Effects of Nicotinamide in Patients With Chronic Lymphocytic Leukemia (CLL) With History of Non-melanoma Skin Cancers (NMSC)

• Male or female subject aged ≥ 18 years.

• Confirmed diagnosis of CLL or small lymphocytic leukemia (SLL) per iwCLL 2018 criteria.

• History of ≥1 non-melanoma skin cancer (NMSC) diagnosed within the last 5 years

• Adequate liver function as defined as:

  • Total Bilirubin ≤ 1.5x institutional upper limit of normal (ULN)

    ---Subjects with a known diagnosis of Gilbert's Syndrome: direct bilirubin ≤ 1.5x ULN

  • AST(SGOT)/ALT(SGPT) ≤ 3 × institutional ULN

• For female subjects: Negative pregnancy test or evidence of post-menopausal status. The post-menopausal status will be defined as having been amenorrheic for 12 months without an alternative medical cause. The following age-specific requirements apply:

  --Women < 50 years of age:

  • Amenorrheic for ≥ 12 months following cessation of exogenous hormonal treatments; and
  • Luteinizing hormone and follicle-stimulating hormone levels in the post-menopausal range for the institution; or
  • Underwent surgical sterilization (bilateral oophorectomy or hysterectomy).

• Women ≥ 50 years of age:

  • Amenorrheic for 12 months or more following cessation of all exogenous hormonal treatments; or
  • Had radiation-induced menopause with last menses >1 year ago; or
  • Had chemotherapy-induced menopause with last menses >1 year ago; or
  • Underwent surgical sterilization (bilateral oophorectomy, bilateral salpingectomy, or hysterectomy).

• Female subjects of childbearing potential and male subjects with a sexual partner of childbearing potential must agree to use a highly effective method of contraception as described in Section 5.4.1.

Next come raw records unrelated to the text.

lemma expected_trace_Hcov_tilt_le:
  fixes p :: "real^'n::finite \<Rightarrow> real"
  assumes nn: "\<And>z. p z \<ge> 0" and s1: "(\<Sum>z\<in>cube. p z) = 1" and supp: "\<And>z. z \<notin> cube \<Longrightarrow> p z = 0"
    and t: "t > 0"
  shows "(\<Sum>x\<in>cube. obs_weight t p x * (\<Sum>i\<in>UNIV. Hcov (tilt (t *\<^sub>R x) p) $ i $ i))
     \<le> exp (2 * t) * (1 + tanh t) / tanh t * ((\<Sum>\<sigma>\<in>cube. gvec_support p \<sigma>) / 2 ^ CARD('n))"
proof -
  have \<tau>: "tanh t > 0" using t by simp
  have F_le: "post_mean_gvec t p x \<bullet> \<sigma> \<le> gvec_support p \<sigma>" if "x \<in> cube" "\<sigma> \<in> cube" for x \<sigma>
  proof -
    have Z: "(\<Sum>z\<in>cube. p z * exp ((t *\<^sub>R x) \<bullet> z)) > 0" by (rule tilt_normaliser_pos[OF nn s1])
    have "post_mean_gvec t p x \<bullet> \<sigma> = (\<Sum>y\<in>cube. tilt (t *\<^sub>R x) p y * (gvec p y \<bullet> \<sigma>))"
      by (simp add: post_mean_gvec_def inner_sum_left)
    also have "\<dots> \<le> (\<Sum>y\<in>cube. tilt (t *\<^sub>R x) p y * gvec_support p \<sigma>)"
      using tilt_nonneg[OF nn Z] gvec_support_ge by (intro sum_mono mult_left_mono) auto
    also have "\<dots> = gvec_support p \<sigma>" using sum_tilt[OF Z] by (simp add: sum_distrib_right[symmetric])
    finally show ?thesis .
  qed
  have "tanh t * (\<Sum>x\<in>cube. obs_weight t p x * post_cov_trace t p x)
      = (\<Sum>y\<in>cube. p y * (\<Sum>x\<in>cube. post_mean_gvec t p x \<bullet> (noise_kernel t x y *\<^sub>R (x - tanh t *\<^sub>R y))))"
    by (rule post_cov_trace_identity[OF nn s1 supp])
  also have "\<dots> \<le> (\<Sum>y\<in>cube. p y * ((1 + tanh t) / 2 ^ CARD('n) * (\<Sum>\<sigma>\<in>cube. gvec_support p \<sigma>)))"
    using coupling_bound[where F="post_mean_gvec t p" and S="gvec_support p", OF t _ F_le] nn
    by (intro sum_mono mult_left_mono) auto
  also have "\<dots> = (\<Sum>y\<in>cube. p y) * ((1 + tanh t) / 2 ^ CARD('n) * (\<Sum>\<sigma>\<in>cube. gvec_support p \<sigma>))"
    by (simp only: sum_distrib_right)
  also have "\<dots> = (1 + tanh t) * ((\<Sum>\<sigma>\<in>cube. gvec_support p \<sigma>) / 2 ^ CARD('n))"
    using s1 by simp
  finally have cov: "(\<Sum>x\<in>cube. obs_weight t p x * post_cov_trace t p x)
      \<le> (1 + tanh t) / tanh t * ((\<Sum>\<sigma>\<in>cube. gvec_support p \<sigma>) / 2 ^ CARD('n))"
    using \<tau> by (simp add: field_simps)
  have "obs_weight t p x * (\<Sum>i\<in>UNIV. Hcov (tilt (t *\<^sub>R x) p) $ i $ i)
      \<le> obs_weight t p x * (exp (2 * t) * post_cov_trace t p x)" if "x \<in> cube" for x
    using trace_Hcov_tilt_le[OF nn s1 that t] obs_weight_nonneg[of p, OF nn] by (rule mult_left_mono)
  then have "(\<Sum>x\<in>cube. obs_weight t p x * (\<Sum>i\<in>UNIV. Hcov (tilt (t *\<^sub>R x) p) $ i $ i))
      \<le> exp (2 * t) * (\<Sum>x\<in>cube. obs_weight t p x * post_cov_trace t p x)"
    by (subst sum_distrib_left, intro sum_mono) (simp add: mult_ac)
  also have "\<dots> \<le> exp (2 * t) * ((1 + tanh t) / tanh t * ((\<Sum>\<sigma>\<in>cube. gvec_support p \<sigma>) / 2 ^ CARD('n)))"
    using cov by (intro mult_left_mono) auto
  finally show ?thesis by (simp add: mult_ac)
qed

lemma tanh_ge_half:
  fixes e :: real
  assumes "0 < e" "e \<le> 1/4"
  shows "e / 2 \<le> tanh e"
proof -
  define a where "a = exp e"
  have a: "a > 0" by (simp add: a_def)
  have "a * a = exp (2 * e)" by (simp add: a_def exp_add[symmetric])
  then have a2: "a * a \<ge> 1 + 2 * e" using exp_ge_add_one_self[of "2 * e"] by simp
  have "(2 - e) * (a * a) \<ge> (2 - e) * (1 + 2 * e)" using a2 assms by (intro mult_left_mono) auto
  moreover have "(2 - e) * (1 + 2 * e) \<ge> 2 + e" using assms by (simp add: algebra_simps)
  ultimately have key: "e * (a * a + 1) \<le> 2 * (a * a - 1)" by (simp add: algebra_simps)
  have "tanh e = (a * a - 1) / (a * a + 1)"
  proof -
    have n: "a - 1 / a = (a * a - 1) / a" and d: "a + 1 / a = (a * a + 1) / a"
      using a by (simp_all add: field_simps)
    have "tanh e = (a - 1 / a) / (a + 1 / a)"
      by (simp add: tanh_altdef a_def exp_minus divide_inverse)
    also have "\<dots> = (a * a - 1) / (a * a + 1)"
      unfolding n d using a by (simp add: divide_divide_eq_left)
    finally show ?thesis .
  qed
  moreover have "e / 2 \<le> (a * a - 1) / (a * a + 1)"
  proof -
    have "a * a + 1 > 0" by (simp add: add_nonneg_pos)
    then show ?thesis using key by (simp add: le_divide_eq mult.commute)
  qed
  ultimately show ?thesis by simp
qed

• Received cytotoxic chemotherapy (including fludarabine, cyclophosphamide, bendamustine, or chlorambucil) within the last 6 months
• Received allogeneic stem cell transplant within the last 6 months.
• Taking nicotinamide or niacin supplements within the last 4 weeks.
• Taken acitretin or other oral retinoids within the past 6 months
• Received field treatment for AKs (topical use of 5-fluorouracil, imiquimod, diclofenac, retinoids; topical photodynamic therapy for AKs; laser resurfacing or chemical peel treatments for AKs) within the previous 4 weeks
• Large areas of confluent skin cancer at baseline preventing accurate assessment and counting of individual new skin cancers
• Need for ongoing carbamazepine use (possible interaction with nicotinamide)
• Severe GI malabsorption that may interfere with absorption of nicotinamide (per investigator's discretion)
• Patients with an expected life expectancy < 2 years
• Current evidence of uncontrolled, diabetes.
• Current evidence or history of peptic ulcer disease.
• Known HIV infection with a detectable viral load within 6 months of the anticipated start of treatment.

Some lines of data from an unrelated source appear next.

(* Let $n\ge2$, $\xi_n=\frac{n+1}{n-1}$, $\rho\in\mathbb{C}\setminus\{-\xi_n,-1,1,\xi_n\}$, $z_k\in\mathbb{C}\setminus\{0\}$, and let $\mu_k\in\mathbb{C}$ satisfy $z_k=\exp(i\mu_k)$. Then: (i) $z_k$ is a type-1 zero of $p_{2n}(\rho,z)$ iff $z_k\neq\pm1$ (i.e. $\mu_k\notin\pi\mathbb{Z}$) and $$\sin\frac{\mu_k(n+1)}{2}-\rho\sin\frac{\mu_k(n-1)}{2}=0.$$ In this case the corresponding type-1 eigenvalue is $$\lambda_k=\frac{1-\rho^2}{1-2\rho\cos\mu_k+\rho^2}=-\frac{\sin(n\mu_k)}{\sin\mu_k},$$ and the vector $\mathbf{y}_k$ with entries $y_{kj}=\sin\left[\mu_k\left(j-\frac{n-1}{2}\right)\right]$, $j=0,1,\dots,n-1$, is an eigenvector of $K_n(\rho)$ for $\lambda_k$. (ii) $z_k$ is a type-2 zero of $p_{2n}(\rho,z)$ iff $z_k\neq\pm1$ (i.e. $\mu_k\notin\pi\mathbb{Z}$) and $$\cos\frac{\mu_k(n+1)}{2}-\rho\cos\frac{\mu_k(n-1)}{2}=0.$$ In this case the corresponding type-2 eigenvalue is $$\lambda_k=\frac{1-\rho^2}{1-2\rho\cos\mu_k+\rho^2}=\frac{\sin(n\mu_k)}{\sin\mu_k},$$ and the vector $\mathbf{y}_k$ with entries $y_{kj}=\cos\left[\mu_k\left(j-\frac{n-1}{2}\right)\right]$, $j=0,1,\dots,n-1$, is an eigenvector of $K_n(\rho)$ for $\lambda_k$.
   Context: $K_n(\rho)=\left[\rho^{|j-k|}\right]_{j,k=1}^n$ (with $\rho^0=1$). $p_{2n}(\rho,z)=z^{2n}+(1+\rho^2)\sum_{k=1}^{n-1}z^{2k}-2\rho\sum_{k=0}^{n-1}z^{2k+1}+1$; $s_{n+1}(\rho,z)=z^{n+1}-\rho z^n+\rho z-1$; $c_{n+1}(\rho,z)=z^{n+1}-\rho z^n-\rho z+1$. For such $\rho$, a zero $z$ of $p_{2n}(\rho,\cdot)$ is a type-1 zero if $s_{n+1}(\rho,z)=s_{n+1}(\rho,z^{-1})=0$ and a type-2 zero if $c_{n+1}(\rho,z)=c_{n+1}(\rho,z^{-1})=0$; every zero is of exactly one type. The eigenvalue corresponding to a zero $z$ is $\frac{z(1-\rho^2)}{(z-\rho)(1-\rho z)}$, and it is called type-1 or type-2 according to the type of $z$. *)

theory Defs
  imports Complex_Main "Jordan_Normal_Form.Char_Poly"
begin

text \<open>The Kac-Murdock-Szego matrix K_n(rho) = [rho^|j-k|], rows/columns indexed 0..n-1
  (a shift of the paper's 1..n indexing; rho^0 = 1).\<close>
definition KMS :: "nat \<Rightarrow> complex \<Rightarrow> complex mat" where
  "KMS n \<rho> = mat n n (\<lambda>(j, k). \<rho> ^ (if j \<le> k then k - j else j - k))"

definition p2n :: "nat \<Rightarrow> complex \<Rightarrow> complex \<Rightarrow> complex" where
  "p2n n \<rho> z = z ^ (2*n) + (1 + \<rho>^2) * (\<Sum>k=1..n-1. z ^ (2*k))
     - 2 * \<rho> * (\<Sum>k=0..n-1. z ^ (2*k+1)) + 1"

definition s_poly :: "nat \<Rightarrow> complex \<Rightarrow> complex \<Rightarrow> complex" where
  "s_poly n \<rho> z = z ^ (n+1) - \<rho> * z ^ n + \<rho> * z - 1"

definition c_poly :: "nat \<Rightarrow> complex \<Rightarrow> complex \<Rightarrow> complex" where
  "c_poly n \<rho> z = z ^ (n+1) - \<rho> * z ^ n - \<rho> * z + 1"

definition type1_zero :: "nat \<Rightarrow> complex \<Rightarrow> complex \<Rightarrow> bool" where
  "type1_zero n \<rho> z \<longleftrightarrow> p2n n \<rho> z = 0 \<and> s_poly n \<rho> z = 0 \<and> s_poly n \<rho> (inverse z) = 0"

definition type2_zero :: "nat \<Rightarrow> complex \<Rightarrow> complex \<Rightarrow> bool" where
  "type2_zero n \<rho> z \<longleftrightarrow> p2n n \<rho> z = 0 \<and> c_poly n \<rho> z = 0 \<and> c_poly n \<rho> (inverse z) = 0"

definition zero_eigval :: "complex \<Rightarrow> complex \<Rightarrow> complex" where
  "zero_eigval \<rho> z = z * (1 - \<rho>^2) / ((z - \<rho>) * (1 - \<rho> * z))"

end

(*
  Every row of K_n(rho) acts on a geometric vector (t^k) by
    sum_k rho^|j-k| t^k = lambda(t) t^j - rho^(j+1)/(t - rho) - rho^(n-j) t^n/(1 - rho t),
  where lambda(t) = t(1 - rho^2)/((t - rho)(1 - rho t)) is invariant under t -> 1/t.
  Hence for v_j = z^j -+ z^(n-1-j) both boundary terms cancel exactly when
  z^n (z - rho) = +-(1 - rho z), i.e. when z is a zero of s_(n+1) or c_(n+1), and then
  K_n(rho) v = lambda(z) v; up to the factor exp(-i mu (n-1)/2) these v are the sine and
  cosine vectors centred at (n-1)/2.  The factorisation (z^2 - 1) p_2n = s_(n+1) c_(n+1),
  with s_(n+1) and c_(n+1) (anti-)self-reciprocal, identifies these zeros with the type-1
  and type-2 zeros of p_2n once z = +-1 is excluded, and the hypothesis on rho says exactly
  that p_2n(+-1) <> 0.
*)
theory Submission
  imports Defs "HOL-Analysis.Complex_Transcendental"
begin

hide_const (open) Finite_Cartesian_Product.vec
unbundle no vec_syntax

lemma p2n_factorization:
  fixes z \<rho> :: complex
  assumes "n \<ge> 1"
  shows "(z^2 - 1) * p2n n \<rho> z = s_poly n \<rho> z * c_poly n \<rho> z"
proof -
  obtain m where n: "n = Suc m" using assms by (cases n) auto
  define G where "G = (\<Sum>k<m. (z^2)^k)"
  have G: "(z^2 - 1) * G = z^(2*m) - 1"
    unfolding G_def by (simp add: power_diff_1_eq power_mult)
  have even: "(\<Sum>k=1..n-1. z^(2*k)) = z^2 * G"
    unfolding G_def n by (simp add: sum.atLeast1_atMost_eq sum_distrib_left power_mult)
  have odd: "(\<Sum>k=0..n-1. z^(2*k+1)) = z * (G + z^(2*m))"
    unfolding G_def n by (simp add: atLeast0AtMost lessThan_Suc_atMost[symmetric] sum_distrib_left distrib_left power_mult)
  have "(z^2 - 1) * p2n n \<rho> z = (z^2 - 1) * z^(2*n) + (1 + \<rho>^2) * z^2 * ((z^2 - 1) * G)
      - 2 * \<rho> * z * ((z^2 - 1) * G + (z^2 - 1) * z^(2*m)) + (z^2 - 1)"
    unfolding p2n_def even odd by (simp add: algebra_simps)
  also have "\<dots> = s_poly n \<rho> z * c_poly n \<rho> z"
    unfolding G s_poly_def c_poly_def n by (simp add: power_mult_distrib power_add power_mult algebra_simps power2_eq_square)
  finally show ?thesis .
qed

lemma p2n_one:
  fixes \<rho> :: complex
  assumes "n \<ge> 1"
  shows "p2n n \<rho> 1 = (\<rho> - 1) * (of_nat (n-1) * \<rho> - of_nat (n+1))"
  using assms by (simp add: p2n_def of_nat_diff algebra_simps power2_eq_square)

lemma p2n_minus_one:
  fixes \<rho> :: complex
  assumes "n \<ge> 1"
  shows "p2n n \<rho> (-1) = (\<rho> + 1) * (of_nat (n-1) * \<rho> + of_nat (n+1))"
  using assms by (simp add: p2n_def power_mult of_nat_diff algebra_simps power2_eq_square)

lemma p2n_pm_one_nonzero:
  fixes \<rho> :: complex
  assumes "n \<ge> 2"
    and "\<rho> \<notin> {- (of_nat (n+1) / of_nat (n-1)), -1, 1, of_nat (n+1) / of_nat (n-1)}"
  shows "p2n n \<rho> 1 \<noteq> 0" and "p2n n \<rho> (-1) \<noteq> 0"
proof -
  have "(of_nat (n-1) :: complex) \<noteq> 0" using assms(1) by simp
  then have "of_nat (n-1) * \<rho> \<noteq> of_nat (n+1)" and "of_nat (n-1) * \<rho> \<noteq> - of_nat (n+1)"
    using assms(2) by (auto simp: field_simps)
  then show "p2n n \<rho> 1 \<noteq> 0" and "p2n n \<rho> (-1) \<noteq> 0"
    using assms by (auto simp: p2n_one p2n_minus_one add_eq_0_iff2)
qed

lemma s_poly_inverse:
  fixes z \<rho> :: complex
  assumes "z \<noteq> 0"
  shows "s_poly n \<rho> (inverse z) = - s_poly n \<rho> z / z^(n+1)"
  using assms by (simp add: s_poly_def power_inverse field_simps)

lemma c_poly_inverse:
  fixes z \<rho> :: complex
  assumes "z \<noteq> 0"
  shows "c_poly n \<rho> (inverse z) = c_poly n \<rho> z / z^(n+1)"
  using assms by (simp add: c_poly_def power_inverse field_simps)

lemma type1_zero_iff:
  fixes z \<rho> :: complex
  assumes "n \<ge> 1" "z \<noteq> 0" "p2n n \<rho> 1 \<noteq> 0" "p2n n \<rho> (-1) \<noteq> 0"
  shows "type1_zero n \<rho> z \<longleftrightarrow> z \<noteq> 1 \<and> z \<noteq> -1 \<and> s_poly n \<rho> z = 0"
proof
  assume "type1_zero n \<rho> z"
  then show "z \<noteq> 1 \<and> z \<noteq> -1 \<and> s_poly n \<rho> z = 0"
    using assms(3,4) unfolding type1_zero_def by auto
next
  assume z: "z \<noteq> 1 \<and> z \<noteq> -1 \<and> s_poly n \<rho> z = 0"
  then have "z^2 - 1 \<noteq> 0" by (simp add: power2_eq_1_iff)
  then have "p2n n \<rho> z = 0"
    using p2n_factorization[OF assms(1), of z \<rho>] z by simp
  then show "type1_zero n \<rho> z"
    using z assms(2) by (simp add: type1_zero_def s_poly_inverse)
qed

Note: Subjects on effective antiretroviral therapy with an undetectable viral load within 6 months of the anticipated start of treatment are eligible for this trial.

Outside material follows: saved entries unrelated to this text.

lemma uniform_limit_average:
  fixes K :: "real \<times> real \<Rightarrow> 'a::banach"
  assumes K: "continuous_on ({0..1} \<times> {a..b + 1}) K"
  shows "uniform_limit {a..b} (\<lambda>h s. (1 / h) *\<^sub>R integral {s..s + h} (\<lambda>\<sigma>. K (s + h - \<sigma>, \<sigma>)))
           (\<lambda>s. K (0, s)) (at_right 0)"
  unfolding uniform_limit_iff
proof (intro allI impI)
  fix e :: real assume e: "e > 0"
  have "uniformly_continuous_on ({0..1} \<times> {a..b + 1}) K"
    by (rule compact_uniformly_continuous[OF K]) (simp add: compact_Times)
  then obtain d where d: "d > 0" "\<And>p p'. p \<in> {0..1} \<times> {a..b + 1} \<Longrightarrow> p' \<in> {0..1} \<times> {a..b + 1}
      \<Longrightarrow> dist p' p < d \<Longrightarrow> dist (K p') (K p) < e / 2"
    using e unfolding uniformly_continuous_on_def by (meson half_gt_zero)
  have "\<forall>\<^sub>F h in at_right 0. h \<in> {0<..<min 1 (d / 2)}"
    by (rule eventually_at_right_real) (use d in auto)
  then show "\<forall>\<^sub>F h in at_right 0. \<forall>s\<in>{a..b}.
      dist ((1 / h) *\<^sub>R integral {s..s + h} (\<lambda>\<sigma>. K (s + h - \<sigma>, \<sigma>))) (K (0, s)) < e"
  proof (rule eventually_mono, intro ballI)
    fix h s assume h: "h \<in> {0<..<min 1 (d / 2)}" and s: "s \<in> {a..b}"
    let ?k = "\<lambda>\<sigma>. K (s + h - \<sigma>, \<sigma>)"
    have k: "continuous_on {s..s + h} ?k"
      by (rule continuous_on_compose2[OF K]) (use h s in \<open>auto intro!: continuous_intros\<close>)
    have "norm (integral {s..s + h} (\<lambda>\<sigma>. ?k \<sigma> - K (0, s))) \<le> e / 2 * (s + h - s)"
    proof (rule integral_bound)
      fix \<sigma> assume \<sigma>: "\<sigma> \<in> {s..s + h}"
      have "dist (s + h - \<sigma>, \<sigma>) (0, s) \<le> norm (s + h - \<sigma>) + norm (\<sigma> - s)"
        using norm_Pair_le[of "s + h - \<sigma>" "\<sigma> - s"] by (simp add: dist_norm)
      also have "\<dots> < d" using \<sigma> h by auto
      finally show "norm (?k \<sigma> - K (0, s)) \<le> e / 2"
        using d(2)[of "(0, s)" "(s + h - \<sigma>, \<sigma>)"] \<sigma> s h by (simp add: dist_norm)
    qed (use h k in \<open>auto intro!: continuous_intros\<close>)
    moreover have "integral {s..s + h} (\<lambda>\<sigma>. ?k \<sigma> - K (0, s)) = integral {s..s + h} ?k - h *\<^sub>R K (0, s)"
      using integral_diff[OF integrable_continuous_real[OF k] integrable_const_ivl] h by simp
    ultimately have bound: "norm (integral {s..s + h} ?k - h *\<^sub>R K (0, s)) \<le> e / 2 * h" by simp
    have "(1 / h) *\<^sub>R integral {s..s + h} ?k - K (0, s)
        = (1 / h) *\<^sub>R (integral {s..s + h} ?k - h *\<^sub>R K (0, s))"
      using h by (simp add: algebra_simps)
    then have "norm ((1 / h) *\<^sub>R integral {s..s + h} ?k - K (0, s))
        = (1 / h) * norm (integral {s..s + h} ?k - h *\<^sub>R K (0, s))"
      using h by simp
    also have "\<dots> \<le> (1 / h) * (e / 2 * h)" using bound h by (intro mult_left_mono) auto
    also have "\<dots> < e" using h e by simp
    finally show "dist ((1 / h) *\<^sub>R integral {s..s + h} ?k) (K (0, s)) < e" by (simp add: dist_norm)
  qed
qed

lemma tendsto_integral_uniform_limit:
  fixes f :: "'i \<Rightarrow> real \<Rightarrow> 'a::banach"
  assumes lim: "uniform_limit {a..b} f l F" and cont: "\<forall>\<^sub>F n in F. continuous_on {a..b} (f n)"
    and F: "F \<noteq> bot"
  shows "((\<lambda>n. integral {a..b} (f n)) \<longlongrightarrow> integral {a..b} l) F"
proof -
  have l: "continuous_on {a..b} l" by (rule uniform_limit_theorem[OF cont lim]) (use F in simp)
  \<comment> \<open>the library lemma wants every member of the family continuous, so patch the others by l\<close>
  define f' where "f' n = (if continuous_on {a..b} (f n) then f n else l)" for n
  have eq: "\<forall>\<^sub>F n in F. f' n = f n" using cont by eventually_elim (simp add: f'_def)
  have "uniform_limit {a..b} f' l F"
    using lim by (subst uniform_limit_cong[OF eventually_mono[OF eq]]) auto
  moreover have "continuous_on {a..b} (f' n)" for n using l by (simp add: f'_def)
  ultimately obtain I J where I: "\<And>n. (f' n has_integral I n) {a..b}" and J: "(l has_integral J) {a..b}"
    and "(I \<longlongrightarrow> J) F"
    using uniform_limit_integral F by blast
  moreover have "I = (\<lambda>n. integral {a..b} (f' n))" "J = integral {a..b} l"
    using I J by (auto intro!: ext integral_unique[symmetric])
  ultimately have "((\<lambda>n. integral {a..b} (f' n)) \<longlongrightarrow> integral {a..b} l) F" by simp
  then show ?thesis
    by (rule Lim_transform_eventually) (use eq in \<open>auto elim: eventually_mono\<close>)
qed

• Known active uncontrolled infection.
• Medical, psychiatric, cognitive, or other conditions that may compromise the subject's ability to understand the subject information, give informed consent, comply with the study protocol or complete the study.
• Known prior severe hypersensitivity to investigational product (IP) or any component in its formulations (NCI CTCAE v5.0 Grade ≥ 3).
• Subjects taking prohibited medications as described in Section 6.7.1. A washout period of prohibited medications for a period of at least five half-lives or as clinically indicated should occur before the start of treatment.
• Have ever received a solid organ transplant and are currently taking immunosuppressive medications.